▶ _Problem statement_
Look through the listing below, and wherever a line has the string "blast", pull it out.
□ □ □ □ □ □ □
lemma lin_mult_const:
  assumes A: "k_algebra scale" and f: "lin scale f"
  shows "lin scale (\<lambda>a. f (s * a))" "lin scale (\<lambda>a. f (a * s))"
proof -
  have VS: "vector_space scale" and sc: "\<And>c x y. scale c x * y = scale c (x * y)"
    "\<And>c x y. x * scale c y = scale c (x * y)"
    using A unfolding k_algebra_def by blast+
  show "lin scale (\<lambda>a. f (s * a))" "lin scale (\<lambda>a. f (a * s))"
    unfolding lin_def linear_iff
    using VS vector_space_field_mult lin_add[OF f] lin_scale[OF f] sc
    by (simp_all add: distrib_left distrib_right)
qed

lemma teq2_tmul2:
  assumes "k_algebra scale" and "lin scale f" and "lin scale g" and "teq2 scale T T'"
  shows "ev2 f g (tmul2 S T) = ev2 f g (tmul2 S T')"
    and "ev2 f g (tmul2 T S) = ev2 f g (tmul2 T' S)"
proof -
  have left: "ev2 f g (tmul2 S X) = (\<Sum>s\<leftarrow>S. ev2 (\<lambda>a. f (fst s * a)) (\<lambda>b. g (snd s * b)) X)" for X
    unfolding ev2_eq_sum_list sum_list_tmul2 fst_conv snd_conv ..
  have right: "ev2 f g (tmul2 X S) = (\<Sum>s\<leftarrow>S. ev2 (\<lambda>a. f (a * fst s)) (\<lambda>b. g (b * snd s)) X)" for X
    unfolding ev2_eq_sum_list sum_list_tmul2 fst_conv snd_conv by (rule sum_list_swap)
  show "ev2 f g (tmul2 S T) = ev2 f g (tmul2 S T')" "ev2 f g (tmul2 T S) = ev2 f g (tmul2 T' S)"
    unfolding left right using assms(4) lin_mult_const[OF assms(1,2)] lin_mult_const[OF assms(1,3)]
    unfolding teq2_def by simp_all
qed

lemma quasitriangular_flip_commutes:
  assumes "quasitriangular scale \<Delta> R" and "k_algebra scale" and "lin scale f" and "lin scale g"
  shows "ev2 f g (tmul2 (map (\<lambda>(a, b). (b, a)) (\<Delta> h)) R) = ev2 f g (tmul2 R (\<Delta> h))"
proof -
  obtain Rinv where inv: "teq2 scale (tmul2 Rinv R) [(1, 1)]"
    and flip: "teq2 scale (map (\<lambda>(a, b). (b, a)) (\<Delta> h)) (tmul2 (tmul2 R (\<Delta> h)) Rinv)"
    using assms(1) unfolding quasitriangular_def by blast
  have "ev2 f g (tmul2 (map (\<lambda>(a, b). (b, a)) (\<Delta> h)) R)
      = ev2 f g (tmul2 (tmul2 (tmul2 R (\<Delta> h)) Rinv) R)"
    using teq2_tmul2(2)[OF assms(2-4) flip] .
  also have "\<dots> = ev2 f g (tmul2 (tmul2 R (\<Delta> h)) (tmul2 Rinv R))"
    by (rule ev2_tmul2_assoc)
  also have "\<dots> = ev2 f g (tmul2 (tmul2 R (\<Delta> h)) [(1, 1)])"
    using teq2_tmul2(1)[OF assms(2-4) inv] .
  finally show ?thesis by (simp add: tmul2_unit_right)
qed

lemma lin_left_slice: "lin scale f \<Longrightarrow> f (left_slice scale \<alpha> R) = ev2 \<alpha> f R"
  unfolding left_slice_def ev2_eq_sum_list by (simp add: lin_sum_list lin_scale)

lemma lin_mult_left_slice:
  assumes "k_algebra scale" and "lin scale f"
  shows "f (x * left_slice scale \<alpha> R) = (\<Sum>t\<leftarrow>R. \<alpha> (fst t) * f (x * snd t))"
    and "f (left_slice scale \<alpha> R * x) = (\<Sum>t\<leftarrow>R. \<alpha> (fst t) * f (snd t * x))"
proof -
  have sc: "scale c a * b = scale c (a * b)" "a * scale c b = scale c (a * b)" for c a b
    using assms(1) unfolding k_algebra_def by blast+
  have "x * left_slice scale \<alpha> R = (\<Sum>t\<leftarrow>R. scale (\<alpha> (fst t)) (x * snd t))"
    "left_slice scale \<alpha> R * x = (\<Sum>t\<leftarrow>R. scale (\<alpha> (fst t)) (snd t * x))"
    unfolding left_slice_def by (induction R) (simp_all add: distrib_left distrib_right sc)
  then show "f (x * left_slice scale \<alpha> R) = (\<Sum>t\<leftarrow>R. \<alpha> (fst t) * f (x * snd t))"
    and "f (left_slice scale \<alpha> R * x) = (\<Sum>t\<leftarrow>R. \<alpha> (fst t) * f (snd t * x))"
    by (simp_all add: lin_sum_list[OF assms(2)] lin_scale[OF assms(2)] comp_def)
qed

lemma ev2_tmul2_left_slice:
  assumes "k_algebra scale" and "lin scale g" and "\<forall>x y. \<alpha> (x * y) = \<alpha> x * \<alpha> y"
  shows "ev2 \<alpha> g (tmul2 Y R) = (\<Sum>y\<leftarrow>Y. \<alpha> (fst y) * g (snd y * left_slice scale \<alpha> R))"
    and "ev2 \<alpha> g (tmul2 R Y) = (\<Sum>y\<leftarrow>Y. \<alpha> (fst y) * g (left_slice scale \<alpha> R * snd y))"
proof -
  show "ev2 \<alpha> g (tmul2 Y R) = (\<Sum>y\<leftarrow>Y. \<alpha> (fst y) * g (snd y * left_slice scale \<alpha> R))"
    unfolding ev2_eq_sum_list sum_list_tmul2 lin_mult_left_slice(1)[OF assms(1,2)]
    by (simp add: assms(3) sum_list_const_mult[symmetric] mult.assoc)
  have "ev2 \<alpha> g (tmul2 R Y) = (\<Sum>y\<leftarrow>Y. \<Sum>t\<leftarrow>R. \<alpha> (fst t * fst y) * g (snd t * snd y))"
    unfolding ev2_eq_sum_list sum_list_tmul2 fst_conv snd_conv by (rule sum_list_swap)
  then show "ev2 \<alpha> g (tmul2 R Y) = (\<Sum>y\<leftarrow>Y. \<alpha> (fst y) * g (left_slice scale \<alpha> R * snd y))"
    unfolding lin_mult_left_slice(2)[OF assms(1,2)]
    by (simp add: assms(3) sum_list_const_mult[symmetric] mult.assoc mult.left_commute)
qed

lemma hopf_algebra_k_algebra: "hopf_algebra scale \<Delta> \<epsilon> S \<Longrightarrow> k_algebra scale"
  unfolding hopf_algebra_def k_algebra_def by metis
□ □ □ □ □ □ □
▶ _Finished exercise_
    using A unfolding k_algebra_def by blast+
    using assms(1) unfolding quasitriangular_def by blast
    using assms(1) unfolding k_algebra_def by blast+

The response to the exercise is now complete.